- Born: February 28, 1974 (age 52) Poughkeepsie, New York
- Occupations: Actor, writer, producer, director
- Years active: 1987–present

= Michael Manasseri =

American actor and film director (born 1974)

Michael Manasseri (born February 28, 1974) is an American actor and film director.

== Biography ==
Manasseri is known for his portrayal of Wyatt Donnelly in the TV series Weird Science (1994), Charles in License to Drive and his voice work on Santo Bugito. Manasseri also had a recurring role in the second season of the NBC sitcom Wings as young pilot Kenny McElvey. He guest starred on several TV shows, such as Buffy the Vampire Slayer, The Wonder Years, Boston Public, and ER, and was a regular cast member on Raising Miranda.

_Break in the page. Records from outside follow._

lemma nn_integral_uncovered_frac_translate_union_le_centred:
  assumes [measurable]: "A \<in> sets borel"
    and e: "0 < e" "e \<le> 1" and centre: "{-e<..<e} \<subseteq> A"
  shows "(\<integral>\<^sup>+x. uncovered_frac (translate_union A x) \<partial>uniform_measure lborel {-1..1})
    \<le> ennreal ((1 - e/2) * uncovered_frac A)"
proof -
  have "(\<integral>\<^sup>+z\<in>{-1<..<1} - A. emeasure lborel (uncovering_shifts A z) \<partial>lborel)
      \<le> (\<integral>\<^sup>+z. ennreal (2 - e) * indicator ({-1<..<1} - A) z \<partial>lborel)"
    using emeasure_uncovering_shifts_le[OF assms(1) _ e centre]
    by (intro nn_integral_mono) (auto simp: indicator_def)
  also have "\<dots> = ennreal ((2 - e) * (2 * uncovered_frac A))"
    using e by (simp add: nn_integral_cmult_indicator emeasure_Ioo_Diff ennreal_mult uncovered_frac_nonneg)
  finally have "(\<integral>\<^sup>+x. uncovered_frac (translate_union A x) \<partial>uniform_measure lborel {-1..1})
      \<le> ennreal ((2 - e) * (2 * uncovered_frac A) / 4)"
    using e by (intro nn_integral_uncovered_frac_translate_union_le) (auto simp: uncovered_frac_nonneg)
  also have "(2 - e) * (2 * uncovered_frac A) / 4 = (1 - e/2) * uncovered_frac A"
    by (simp add: field_simps)
  finally show ?thesis .
qed

section \<open>Approximation by subset sums\<close>

definition approx_set :: "real \<Rightarrow> (nat \<Rightarrow> real) \<Rightarrow> nat \<Rightarrow> real set" where
  "approx_set eps y n = {z. \<exists>S\<subseteq>{1..n}. \<bar>z - (\<Sum>i\<in>S. y i)\<bar> < eps}"

lemma approx_by_iff_approx_set: "approx_by eps X t z \<omega> \<longleftrightarrow> z \<in> approx_set eps (\<lambda>i. X i \<omega>) t"
  unfolding approx_by_def approx_set_def by simp

lemma approx_set_cong:
  assumes "\<And>i. i \<in> {1..n} \<Longrightarrow> y i = y' i"
  shows "approx_set eps y n = approx_set eps y' n"
proof -
  have "(\<Sum>i\<in>S. y i) = (\<Sum>i\<in>S. y' i)" if "S \<subseteq> {1..n}" for S
    using that assms by (intro sum.cong) auto
  then show ?thesis
    unfolding approx_set_def by (intro Collect_cong) (metis (no_types, lifting))
qed

lemma approx_set_mono: "n \<le> m \<Longrightarrow> approx_set eps y n \<subseteq> approx_set eps y m"
proof
  fix z assume "n \<le> m" "z \<in> approx_set eps y n"
  then obtain S where "S \<subseteq> {1..n}" "\<bar>z - (\<Sum>i\<in>S. y i)\<bar> < eps"
    unfolding approx_set_def by blast
  moreover have "{1..n} \<subseteq> {1..m}" using \<open>n \<le> m\<close> by auto
  ultimately show "z \<in> approx_set eps y m" unfolding approx_set_def by blast
qed

lemma centred_interval_subset_approx_set: "{-eps<..<eps} \<subseteq> approx_set eps y n"
  unfolding approx_set_def by (auto intro!: exI[of _ "{}"])

lemma approx_set_Suc:
  "approx_set eps y (Suc n) = translate_union (approx_set eps y n) (y (Suc n))"
  unfolding translate_union_def
proof (intro equalityI subsetI)
  fix z assume "z \<in> approx_set eps y (Suc n)"
  then obtain S where S: "S \<subseteq> {1..Suc n}" "\<bar>z - (\<Sum>i\<in>S. y i)\<bar> < eps"
    unfolding approx_set_def by auto
  have fin: "finite S" using S(1) finite_subset by blast
  show "z \<in> approx_set eps y n \<union> (\<lambda>z. z - y (Suc n)) -` approx_set eps y n"
  proof (cases "Suc n \<in> S")
    case True
    then have "(\<Sum>i\<in>S. y i) = y (Suc n) + (\<Sum>i\<in>S - {Suc n}. y i)"
      using fin by (simp add: sum.remove)
    moreover have "S - {Suc n} \<subseteq> {1..n}" using S(1) by auto
    ultimately show ?thesis
      using S(2) unfolding approx_set_def by (auto intro!: exI[of _ "S - {Suc n}"])
  next
    case False
    then have "S \<subseteq> {1..n}" using S(1) by (auto simp: le_Suc_eq)
    then show ?thesis using S(2) unfolding approx_set_def by auto
  qed
next
  fix z assume "z \<in> approx_set eps y n \<union> (\<lambda>z. z - y (Suc n)) -` approx_set eps y n"
  then consider "z \<in> approx_set eps y n" | S where "S \<subseteq> {1..n}" "\<bar>z - y (Suc n) - (\<Sum>i\<in>S. y i)\<bar> < eps"
    unfolding approx_set_def by auto
  then show "z \<in> approx_set eps y (Suc n)"
  proof cases
    case 1
    then show ?thesis using approx_set_mono[of n "Suc n"] by auto
  next
    case (2 S)
    then have "(\<Sum>i\<in>insert (Suc n) S. y i) = y (Suc n) + (\<Sum>i\<in>S. y i)"
      by (subst sum.insert) (auto intro: finite_subset)
    then show ?thesis
      using 2 unfolding approx_set_def by (auto intro!: exI[of _ "insert (Suc n) S"] simp: algebra_simps)
  qed
qed

lemma open_approx_set: "open (approx_set eps y n)"
proof -
  have "approx_set eps y n = (\<Union>S\<in>Pow {1..n}. {z. \<bar>z - (\<Sum>i\<in>S. y i)\<bar> < eps})"
    unfolding approx_set_def by auto
  then show ?thesis by (simp add: open_UN open_Collect_less continuous_intros)
qed

lemma approx_set_borel [measurable]: "approx_set eps y n \<in> sets borel"
  by (simp add: open_approx_set)

lemma pred_mem_approx_set:
  assumes "m \<le> n"
  shows "Measurable.pred (PiM {1..n} (\<lambda>_. borel) \<Otimes>\<^sub>M borel) (\<lambda>p. snd p \<in> approx_set eps (fst p) m)"
proof -
  have "Measurable.pred (PiM {1..n} (\<lambda>_. borel) \<Otimes>\<^sub>M borel) (\<lambda>p. \<bar>snd p - (\<Sum>i\<in>S. fst p i)\<bar> < eps)"
    if "S \<in> Pow {1..m}" for S
  proof -
    have "(\<lambda>p. fst p i) \<in> borel_measurable (PiM {1..n} (\<lambda>_. borel) \<Otimes>\<^sub>M borel)" if "i \<in> S" for i
      using that \<open>S \<in> Pow {1..m}\<close> assms
      by (intro measurable_compose[OF measurable_fst measurable_component_singleton]) auto
    then show ?thesis by measurable
  qed
  then have "Measurable.pred (PiM {1..n} (\<lambda>_. borel) \<Otimes>\<^sub>M borel)
      (\<lambda>p. \<exists>S\<in>Pow {1..m}. \<bar>snd p - (\<Sum>i\<in>S. fst p i)\<bar> < eps)"
    by (intro pred_intros_finite) auto
  then show ?thesis unfolding approx_set_def by (simp add: Bex_def)
qed

lemma borel_measurable_uncovered_frac:
  assumes "Measurable.pred (N \<Otimes>\<^sub>M borel) (\<lambda>p. snd p \<in> S (fst p))"
  shows "(\<lambda>x. uncovered_frac (S x)) \<in> borel_measurable N"
proof -
  define Q where "Q = {p \<in> space (N \<Otimes>\<^sub>M borel). snd p \<in> {-1<..<1} \<and> snd p \<notin> S (fst p)}"
  have "Q \<in> sets (N \<Otimes>\<^sub>M borel)"
    unfolding Q_def using assms by measurable
  then have "Q \<in> sets (N \<Otimes>\<^sub>M lborel)"
    by (simp cong: sets_pair_measure_cong)
  then have "(\<lambda>x. enn2real (emeasure lborel (Pair x -` Q)) / 2) \<in> borel_measurable N"
    by (intro borel_measurable_divide borel_measurable_enn2real lborel.measurable_emeasure_Pair) simp_all
  moreover have "enn2real (emeasure lborel (Pair x -` Q)) / 2 = uncovered_frac (S x)" if "x \<in> space N" for x
  proof -
    have "Pair x -` Q = {-1<..<1} - S x"
      using that by (auto simp: Q_def space_pair_measure)
    then show ?thesis
      unfolding uncovered_frac_def measure_def by simp
  qed
  ultimately show ?thesis
    by (simp cong: measurable_cong)
qed

lemma borel_measurable_uncovered_frac_approx_set [measurable]:
  "k \<le> n \<Longrightarrow> (\<lambda>y. uncovered_frac (approx_set eps y k)) \<in> borel_measurable (PiM {1..n} (\<lambda>_. borel))"
  by (intro borel_measurable_uncovered_frac pred_mem_approx_set)

lemma borel_measurable_uncovered_frac_translate_union:
  "(\<lambda>p. uncovered_frac (translate_union (approx_set eps (fst p) m) (snd p)))
    \<in> borel_measurable (PiM {1..m} (\<lambda>_. borel) \<Otimes>\<^sub>M borel)"
proof (rule borel_measurable_uncovered_frac)
  let ?N = "PiM {1..m} (\<lambda>_. borel::real measure)"
  let ?P = "?N \<Otimes>\<^sub>M (borel::real measure)"
  have "(\<lambda>q. (fst (fst q), snd q)) \<in> measurable (?P \<Otimes>\<^sub>M borel) (?N \<Otimes>\<^sub>M borel)"
    "(\<lambda>q. (fst (fst q), snd q - snd (fst q))) \<in> measurable (?P \<Otimes>\<^sub>M borel) (?N \<Otimes>\<^sub>M borel)"
    by measurable
  from this[THEN measurable_compose, OF pred_mem_approx_set[OF order.refl]]
  show "Measurable.pred (?P \<Otimes>\<^sub>M borel) (\<lambda>q. snd q \<in> translate_union (approx_set eps (fst (fst q)) m) (snd (fst q)))"
    unfolding translate_union_def by simp
qed

lemma LBINT_mem_eq_uncovered_frac:
  assumes "A \<in> sets borel"
  shows "(LBINT z=-1..1. (if z \<in> A then 1 else 0)) = 2 - 2 * uncovered_frac A"
proof -
  have "einterval (-1) 1 = {-1<..<1::real}"
    using einterval_eq_Icc[of "-1" 1] by (simp add: one_ereal_def)
  then have "(LBINT z=-1..1. (if z \<in> A then 1 else 0)) = (LBINT z. indicator ({-1<..<1} \<inter> A) z)"
    unfolding interval_lebesgue_integral_def set_lebesgue_integral_def
    by (auto simp: one_ereal_def indicator_def intro!: Bochner_Integration.integral_cong)
  also have "\<dots> = measure lborel ({-1<..<1} \<inter> A)"
    by simp
  also have "\<dots> = measure lborel {-1<..<1::real} - measure lborel ({-1<..<1} - A)"
    using assms by (subst measure_Diff[symmetric]) (auto simp: fmeasurable_def Diff_Diff_Int)
  finally show ?thesis
    unfolding uncovered_frac_def by simp
qed

lemma vfrac_eq_uncovered_frac:
  "vfrac eps X n \<omega> = 1 - uncovered_frac (approx_set eps (\<lambda>i. X i \<omega>) n)"
  unfolding vfrac_def approx_by_iff_approx_set
  by (simp add: LBINT_mem_eq_uncovered_frac)

section \<open>The stopping times\<close>

lemma uncovered_frac_approx_set_antimono:
  "n \<le> m \<Longrightarrow> uncovered_frac (approx_set eps y m) \<le> uncovered_frac (approx_set eps y n)"
  by (intro uncovered_frac_antimono approx_set_mono approx_set_borel)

He directed his first film, Babysitter Wanted, in 2007, which premiered at the Sitges Film Festival in Spain. His second directed film is the 2012 release, the sci-fi/comic book horror film Sucker. He also was a producer on the 2011 Michigan-made film Detention of the Dead directed by Alex Craig Mann.

He also directed the comedy film The Pickle Recipe, which features David Paymer.

In 2020, Manasseri won an Independent Spirit Award (John Cassavetes Award) for his work as a producer on the 2019 comedy, Give Me Liberty.